● Required work
Could you print, exactly as they stand, the lines from the one holding "using c_denom[OF that]" to the end of the data below, and nothing more?

(Saved entries)

(* Let $a_1\in\mathbb C$, $a_2\in\mathbb R$, $\theta\in[0,2\pi)$ with $2|a_1|+|a_2|<\frac{1}{4(1+\varepsilon)^3}$, and $f(\zeta)=\big(e^{i\theta}\zeta,\ e^{2i\theta}\zeta(a_1+a_2\zeta+\overline{a_1}\zeta^2)\big)$. Then $f$ (restricted to $\overline\Delta$) is a stationary disc for the hypersurface $\partial\Omega\cap\{\rho=0\}$, i.e. $f(\partial\Delta)\subset\{\rho=0\}$ and there is a continuous function $c:\partial\Delta\to\mathbb R\setminus\{0\}$ such that $\zeta\mapsto\zeta c(\zeta)\partial\rho(f(\zeta))$ extends holomorphically to $\Delta$ (continuously up to $\partial\Delta$).
   Context: $\Delta$ denotes the unit disc in $\mathbb C$ and $\Delta_r$ the disc of radius $r$ centered at $0$. Fix $0<\varepsilon<\frac{1}{100}$. Let $\rho(z,w)=|z|^2+|w|^2-\operatorname{Re}(\bar z^4w^2)-1$ on $\mathbb C^2$, $\partial\rho=(\partial\rho/\partial z,\partial\rho/\partial w)$, and $\Omega=\{\rho<0\}\cap\big(\Delta_{1+\varepsilon}\times\Delta_{\frac{1}{4(1+\varepsilon)^3}}\big)$. *)

theory Defs
  imports "HOL-Analysis.Analysis"
begin

definition rho :: "complex \<Rightarrow> complex \<Rightarrow> real" where
  "rho z w = (cmod z)^2 + (cmod w)^2 - Re ((cnj z)^4 * w^2) - 1"

definition wirt_z :: "(complex \<Rightarrow> complex \<Rightarrow> real) \<Rightarrow> complex \<Rightarrow> complex \<Rightarrow> complex" where
  "wirt_z F z w =
     (complex_of_real (deriv (\<lambda>t::real. F (z + complex_of_real t) w) 0)
      - \<i> * complex_of_real (deriv (\<lambda>t::real. F (z + \<i> * complex_of_real t) w) 0)) / 2"

definition wirt_w :: "(complex \<Rightarrow> complex \<Rightarrow> real) \<Rightarrow> complex \<Rightarrow> complex \<Rightarrow> complex" where
  "wirt_w F z w =
     (complex_of_real (deriv (\<lambda>t::real. F z (w + complex_of_real t)) 0)
      - \<i> * complex_of_real (deriv (\<lambda>t::real. F z (w + \<i> * complex_of_real t)) 0)) / 2"

definition Omega :: "real \<Rightarrow> (complex \<times> complex) set" where
  "Omega eps = {(z, w). rho z w < 0 \<and> cmod z < 1 + eps \<and> cmod w < 1 / (4 * (1 + eps)^3)}"

end

theory Submission
  imports Defs
begin

text \<open>On the unit circle the quadratic a1 + a2 z + conj(a1) z^2 equals z times the real number
  q = 2 Re(a1 conj z) + a2, so the boundary of the disc is the curve (u, q u^2) with u = e^(i theta) z
  unimodular. Along such a curve rho vanishes, d rho/dw = 0 and d rho/dz = conj(u) (1 - 2 q^2), so
  with c = 1/(1 - 2 q^2) the function z c (d rho)(f z) is the constant (e^(-i theta), 0). The
  boundary points lie on the frontier of Omega because, |q| being small, rho becomes negative when
  the first coordinate is shrunk radially.\<close>

lemma wirt_z_eqI:
  assumes "((\<lambda>t. F (z + of_real t) w) has_real_derivative 2 * Re X) (at 0)"
    and "((\<lambda>t. F (z + \<i> * of_real t) w) has_real_derivative 2 * Re (\<i> * X)) (at 0)"
  shows "wirt_z F z w = X"
  using DERIV_imp_deriv[OF assms(1)] DERIV_imp_deriv[OF assms(2)]
  unfolding wirt_z_def by (simp add: complex_eq_iff)

lemma wirt_w_eqI:
  assumes "((\<lambda>t. F z (w + of_real t)) has_real_derivative 2 * Re X) (at 0)"
    and "((\<lambda>t. F z (w + \<i> * of_real t)) has_real_derivative 2 * Re (\<i> * X)) (at 0)"
  shows "wirt_w F z w = X"
  using DERIV_imp_deriv[OF assms(1)] DERIV_imp_deriv[OF assms(2)]
  unfolding wirt_w_def by (simp add: complex_eq_iff)

text \<open>Symmetrised so that the complexified expression below has derivative Y + conj Y.\<close>

lemma rho_eq_Re:
  "rho z w = Re (z * cnj z + w * cnj w - (cnj z ^ 4 * w^2 + z ^ 4 * cnj w^2) / 2) - 1"
proof -
  define a where "a = cnj z ^ 4 * w^2"
  have "cnj z ^ 4 * w^2 + z ^ 4 * cnj w^2 = a + cnj a"
    by (simp add: a_def)
  then have "(cnj z ^ 4 * w^2 + z ^ 4 * cnj w^2) / 2 = of_real (Re a)"
    by (simp add: complex_add_cnj)
  then show ?thesis
    unfolding rho_def a_def[symmetric] by (simp add: complex_mult_cnj cmod_power2)
qed

lemma rho_has_real_derivative_z:
  "((\<lambda>t. rho (z + v * of_real t) w) has_real_derivative 2 * Re (v * (cnj z - 2 * z^3 * cnj w^2))) (at 0)"
proof -
  define Y where "Y = v * (cnj z - 2 * z^3 * cnj w^2)"
  define H where "H s = (z + v * s) * (cnj z + cnj v * s) + w * cnj w
    - ((cnj z + cnj v * s) ^ 4 * w^2 + (z + v * s) ^ 4 * cnj w^2) / 2" for s
  have "(H has_field_derivative Y + cnj Y) (at 0)"
    unfolding H_def Y_def by (auto intro!: derivative_eq_intros simp: field_simps)
  then have "((\<lambda>t. Re (H (of_real t)) - 1) has_real_derivative Re (Y + cnj Y)) (at 0)"
    by (auto intro!: derivative_eq_intros has_vector_derivative_real_field)
  moreover have "(\<lambda>t. rho (z + v * of_real t) w) = (\<lambda>t. Re (H (of_real t)) - 1)"
    unfolding rho_eq_Re H_def by simp
  ultimately show ?thesis
    unfolding Y_def[symmetric] by simp
qed

lemma rho_has_real_derivative_w:
  "((\<lambda>t. rho z (w + v * of_real t)) has_real_derivative 2 * Re (v * (cnj w - cnj z ^ 4 * w))) (at 0)"
proof -
  define Y where "Y = v * (cnj w - cnj z ^ 4 * w)"
  define H where "H s = z * cnj z + (w + v * s) * (cnj w + cnj v * s)
    - (cnj z ^ 4 * (w + v * s)^2 + z ^ 4 * (cnj w + cnj v * s)^2) / 2" for s
  have "(H has_field_derivative Y + cnj Y) (at 0)"
    unfolding H_def Y_def by (auto intro!: derivative_eq_intros simp: field_simps)
  then have "((\<lambda>t. Re (H (of_real t)) - 1) has_real_derivative Re (Y + cnj Y)) (at 0)"
    by (auto intro!: derivative_eq_intros has_vector_derivative_real_field)
  moreover have "(\<lambda>t. rho z (w + v * of_real t)) = (\<lambda>t. Re (H (of_real t)) - 1)"
    unfolding rho_eq_Re H_def by simp
  ultimately show ?thesis
    unfolding Y_def[symmetric] by simp
qed

lemma wirt_z_rho: "wirt_z rho z w = cnj z - 2 * z^3 * cnj w^2"
  by (rule wirt_z_eqI) (use rho_has_real_derivative_z[of z 1 w] rho_has_real_derivative_z[of z \<i> w] in simp_all)

lemma wirt_w_rho: "wirt_w rho z w = cnj w - cnj z ^ 4 * w"
  by (rule wirt_w_eqI) (use rho_has_real_derivative_w[of z w 1] rho_has_real_derivative_w[of z w \<i>] in simp_all)

lemma cnj_mult_self_eq_1: "cmod u = 1 \<Longrightarrow> cnj u * u = 1"
  by (simp add: mult.commute complex_mult_cnj cmod_power2[symmetric])

lemma rho_square_curve_eq_0:
  assumes "cmod u = 1"
  shows "rho u (of_real q * u^2) = 0"
proof -
  have "u * cnj u + of_real q * u^2 * cnj (of_real q * u^2)
      - (cnj u ^ 4 * (of_real q * u^2)^2 + u ^ 4 * cnj (of_real q * u^2)^2) / 2 = 1"
    unfolding complex_cnj_mult complex_cnj_power complex_cnj_complex_of_real
    using cnj_mult_self_eq_1[OF assms] by algebra
  then show ?thesis unfolding rho_eq_Re by simp
qed

lemma wirt_z_rho_square_curve:
  assumes "cmod u = 1"
  shows "wirt_z rho u (of_real q * u^2) = cnj u * of_real (1 - 2 * q^2)"
  unfolding wirt_z_rho complex_cnj_mult complex_cnj_power complex_cnj_complex_of_real
    of_real_diff of_real_mult of_real_power of_real_1 of_real_numeral
  using cnj_mult_self_eq_1[OF assms] by algebra

lemma wirt_w_rho_square_curve:
  assumes "cmod u = 1"
  shows "wirt_w rho u (of_real q * u^2) = 0"
  unfolding wirt_w_rho complex_cnj_mult complex_cnj_power complex_cnj_complex_of_real
  using cnj_mult_self_eq_1[OF assms] by algebra

lemma rho_radial_scaling:
  assumes "cmod z = 1" "rho z w = 0"
  shows "rho (of_real t * z) w = (t^2 - 1) * (1 - (1 + t^2) * cmod w ^ 2)"
proof -
  have R: "Re (cnj z ^ 4 * w^2) = cmod w ^ 2"
    using assms unfolding rho_def by simp
  have "rho (of_real t * z) w = t^2 * cmod z ^ 2 + cmod w ^ 2 - t^4 * Re (cnj z ^ 4 * w^2) - 1"
    unfolding rho_def by (simp add: norm_mult power_mult_distrib mult.assoc)
  also have "\<dots> = (t^2 - 1) * (1 - (1 + t^2) * cmod w ^ 2)"
    unfolding R assms(1) by (simp add: algebra_simps power4_eq_xxxx power2_eq_square)
  finally show ?thesis .
qed

lemma two_power2_less_1:
  assumes "\<bar>x\<bar> < 1 / 2"
  shows "2 * x^2 < (1 :: real)"
proof -
  have "\<bar>x\<bar>^2 < (1 / 2)^2"
    using assms by (intro power_strict_mono) auto
  then show ?thesis
    by (simp add: power2_eq_square)
qed

lemma Omega_radius_le: "0 \<le> (eps :: real) \<Longrightarrow> 1 / (4 * (1 + eps)^3) \<le> 1 / 4"
  by (simp add: divide_simps one_le_power)

lemma frontier_OmegaI:
  assumes "0 \<le> eps" "cmod z = 1" "cmod w < 1 / (4 * (1 + eps)^3)" "rho z w = 0"
  shows "(z, w) \<in> frontier (Omega eps)"
proof -
  have w_small: "2 * cmod w ^ 2 < 1"
    using assms(3) Omega_radius_le[OF assms(1)] by (intro two_power2_less_1) simp
  have "(of_real t * z, w) \<in> Omega eps" if "0 < t" "t < 1" for t
  proof -
    have t2: "t^2 < 1"
      using that by (simp add: abs_square_less_1)
    then have "(1 + t^2) * cmod w ^ 2 \<le> 2 * cmod w ^ 2"
      by (intro mult_right_mono) auto
    then have "(1 + t^2) * cmod w ^ 2 < 1"
      using w_small by linarith
    with t2 have "rho (of_real t * z) w < 0"
      unfolding rho_radial_scaling[OF assms(2,4)] by (simp add: mult_neg_pos)
    then show ?thesis
      using that assms unfolding Omega_def by (simp add: norm_mult)
  qed
  then have "\<forall>\<^sub>F t in at_left 1. (of_real t * z, w) \<in> closure (Omega eps)"
    using eventually_at_left_real[of 0 1] closure_subset
    by (auto elim!: eventually_mono)
  moreover have "((\<lambda>t. (of_real t * z, w)) \<longlongrightarrow> (of_real 1 * z, w)) (at_left 1)"
    by (intro tendsto_intros)
  ultimately have "(z, w) \<in> closure (Omega eps)"
    using Lim_in_closed_set[OF closed_closure] trivial_limit_at_left_real by fastforce
  moreover have "(z, w) \<notin> interior (Omega eps)"
    using assms(4) interior_subset unfolding Omega_def by fastforce
  ultimately show ?thesis
    unfolding frontier_def by blast
qed

lemma palindromic_quadratic_on_circle:
  assumes "cmod \<zeta> = 1"
  shows "a + of_real b * \<zeta> + cnj a * \<zeta>^2 = \<zeta> * of_real (2 * Re (a * cnj \<zeta>) + b)"
proof -
  have "of_real (2 * Re (a * cnj \<zeta>)) = a * cnj \<zeta> + cnj (a * cnj \<zeta>)"
    by (rule complex_add_cnj[symmetric])
  then have "\<zeta> * of_real (2 * Re (a * cnj \<zeta>) + b) = a * (cnj \<zeta> * \<zeta>) + cnj a * \<zeta>^2 + of_real b * \<zeta>"
    by (simp add: algebra_simps power2_eq_square)
  then show ?thesis
    using cnj_mult_self_eq_1[OF assms] by simp
qed

lemma abs_palindromic_coeff_le:
  assumes "cmod \<zeta> = 1"
  shows "\<bar>2 * Re (a * cnj \<zeta>) + b\<bar> \<le> 2 * cmod a + \<bar>b\<bar>"
proof -
  have "\<bar>Re (a * cnj \<zeta>)\<bar> \<le> cmod a"
    using abs_Re_le_cmod[of "a * cnj \<zeta>"] assms by (simp add: norm_mult)
  then show ?thesis
    by linarith
qed

lemma rotated_disc_on_circle:
  assumes "cmod \<zeta> = 1"
  shows "exp (2 * \<i> * of_real \<theta>) * \<zeta> * (a + of_real b * \<zeta> + cnj a * \<zeta>^2)
    = of_real (2 * Re (a * cnj \<zeta>) + b) * (exp (\<i> * of_real \<theta>) * \<zeta>)^2"
proof -
  have "exp (2 * \<i> * of_real \<theta>) = exp (\<i> * of_real \<theta>)^2"
    by (simp add: exp_double[symmetric] mult.assoc)
  then show ?thesis
    unfolding palindromic_quadratic_on_circle[OF assms] by (simp add: power2_eq_square mult_ac)
qed

lemma normalized_wirt_z_rho_square_curve:
  assumes "cmod \<zeta> = 1" "cmod e = 1" "2 * q^2 \<noteq> 1"
  shows "\<zeta> * of_real (1 / (1 - 2 * q^2)) * wirt_z rho (e * \<zeta>) (of_real q * (e * \<zeta>)^2) = cnj e"
proof -
  have u_unit: "cmod (e * \<zeta>) = 1"
    using assms by (simp add: norm_mult)
  have "\<zeta> * of_real (1 / (1 - 2 * q^2)) * wirt_z rho (e * \<zeta>) (of_real q * (e * \<zeta>)^2)
      = (cnj \<zeta> * \<zeta>) * cnj e * (of_real (1 / (1 - 2 * q^2)) * of_real (1 - 2 * q^2))"
    unfolding wirt_z_rho_square_curve[OF u_unit] complex_cnj_mult by (simp only: mult_ac)
  moreover have "of_real (1 / (1 - 2 * q^2)) * of_real (1 - 2 * q^2) = (1 :: complex)"
    using assms(3) unfolding of_real_mult[symmetric] by simp
  ultimately show ?thesis
    unfolding cnj_mult_self_eq_1[OF assms(1)] by simp
qed

theorem mainTheorem10:
  fixes eps :: real and a1 :: complex and a2 :: real and \<theta> :: real
    and f :: "complex \<Rightarrow> complex \<times> complex"
  assumes "0 < eps" "eps < 1 / 100"
    and "0 \<le> \<theta>" "\<theta> < 2 * pi"
    and "2 * cmod a1 + \<bar>a2\<bar> < 1 / (4 * (1 + eps)^3)"
    and "\<And>\<zeta>::complex. f \<zeta> = (exp (\<i> * \<theta>) * \<zeta>,
                   exp (2 * \<i> * \<theta>) * \<zeta> * (a1 + a2 * \<zeta> + cnj a1 * \<zeta>^2))"
  shows "(\<forall>\<zeta>\<in>sphere 0 1. f \<zeta> \<in> frontier (Omega eps) \<and> rho (fst (f \<zeta>)) (snd (f \<zeta>)) = 0) \<and>
         (\<exists>c :: complex \<Rightarrow> real. continuous_on (sphere 0 1) c \<and> (\<forall>\<zeta>\<in>sphere 0 1. c \<zeta> \<noteq> 0) \<and>
            (\<exists>g1 g2 :: complex \<Rightarrow> complex.
               g1 holomorphic_on ball 0 1 \<and> g2 holomorphic_on ball 0 1 \<and>
               continuous_on (cball 0 1) g1 \<and> continuous_on (cball 0 1) g2 \<and>
               (\<forall>\<zeta>\<in>sphere 0 1.
                  g1 \<zeta> = \<zeta> * complex_of_real (c \<zeta>) * wirt_z rho (fst (f \<zeta>)) (snd (f \<zeta>)) \<and>
                  g2 \<zeta> = \<zeta> * complex_of_real (c \<zeta>) * wirt_w rho (fst (f \<zeta>)) (snd (f \<zeta>)))))"
  proof -
  define e where "e = exp (\<i> * of_real \<theta>)"
  define q where "q \<zeta> = 2 * Re (a1 * cnj \<zeta>) + a2" for \<zeta>
  define c where "c \<zeta> = 1 / (1 - 2 * q \<zeta> ^ 2)" for \<zeta>
  have e_unit: "cmod e = 1"
    by (simp add: e_def)
  have u_unit: "cmod (e * \<zeta>) = 1" if "\<zeta> \<in> sphere 0 1" for \<zeta>
    using that e_unit by (simp add: norm_mult)
  have f_circle: "f \<zeta> = (e * \<zeta>, of_real (q \<zeta>) * (e * \<zeta>)^2)" if "\<zeta> \<in> sphere 0 1" for \<zeta>
    using that rotated_disc_on_circle unfolding assms(6) e_def q_def by simp
  have q_small: "\<bar>q \<zeta>\<bar> < 1 / (4 * (1 + eps)^3)" if "\<zeta> \<in> sphere 0 1" for \<zeta>
    using that abs_palindromic_coeff_le[of \<zeta> a1 a2] assms(5) unfolding q_def by simp
  have c_denom: "2 * q \<zeta> ^ 2 < 1" if "\<zeta> \<in> sphere 0 1" for \<zeta>
    using q_small[OF that] Omega_radius_le[of eps] assms(1) by (intro two_power2_less_1) linarith
  have "continuous_on (sphere 0 1) c"
    using c_denom unfolding c_def q_def by (intro continuous_intros) force+
  moreover have "f \<zeta> \<in> frontier (Omega eps) \<and> rho (fst (f \<zeta>)) (snd (f \<zeta>)) = 0"
    if "\<zeta> \<in> sphere 0 1" for \<zeta>
    unfolding f_circle[OF that] fst_conv snd_conv
    using rho_square_curve_eq_0[OF u_unit[OF that]] q_small[OF that] u_unit[OF that] e_unit assms(1)
    by (auto simp: norm_mult norm_power intro!: frontier_OmegaI)
  moreover have "\<zeta> * of_real (c \<zeta>) * wirt_z rho (fst (f \<zeta>)) (snd (f \<zeta>)) = cnj e"
    if "\<zeta> \<in> sphere 0 1" for \<zeta>
    unfolding f_circle[OF that] fst_conv snd_conv c_def
    using that c_denom[OF that] e_unit by (intro normalized_wirt_z_rho_square_curve) auto
  moreover have "wirt_w rho (fst (f \<zeta>)) (snd (f \<zeta>)) = 0" if "\<zeta> \<in> sphere 0 1" for \<zeta>
    unfolding f_circle[OF that] fst_conv snd_conv by (rule wirt_w_rho_square_curve[OF u_unit[OF that]])
  moreover have "c \<zeta> \<noteq> 0" if "\<zeta> \<in> sphere 0 1" for \<zeta>
    using c_denom[OF that] unfolding c_def by simp
  ultimately show ?thesis
    by (intro conjI exI[of _ c] exI[of _ "\<lambda>_. cnj e"] exI[of _ "\<lambda>_. 0"]) auto
qed

end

● Exercise answer
    using c_denom[OF that] unfolding c_def by simp
  ultimately show ?thesis
    by (intro conjI exI[of _ c] exI[of _ "\<lambda>_. cnj e"] exI[of _ "\<lambda>_. 0"]) auto
qed

end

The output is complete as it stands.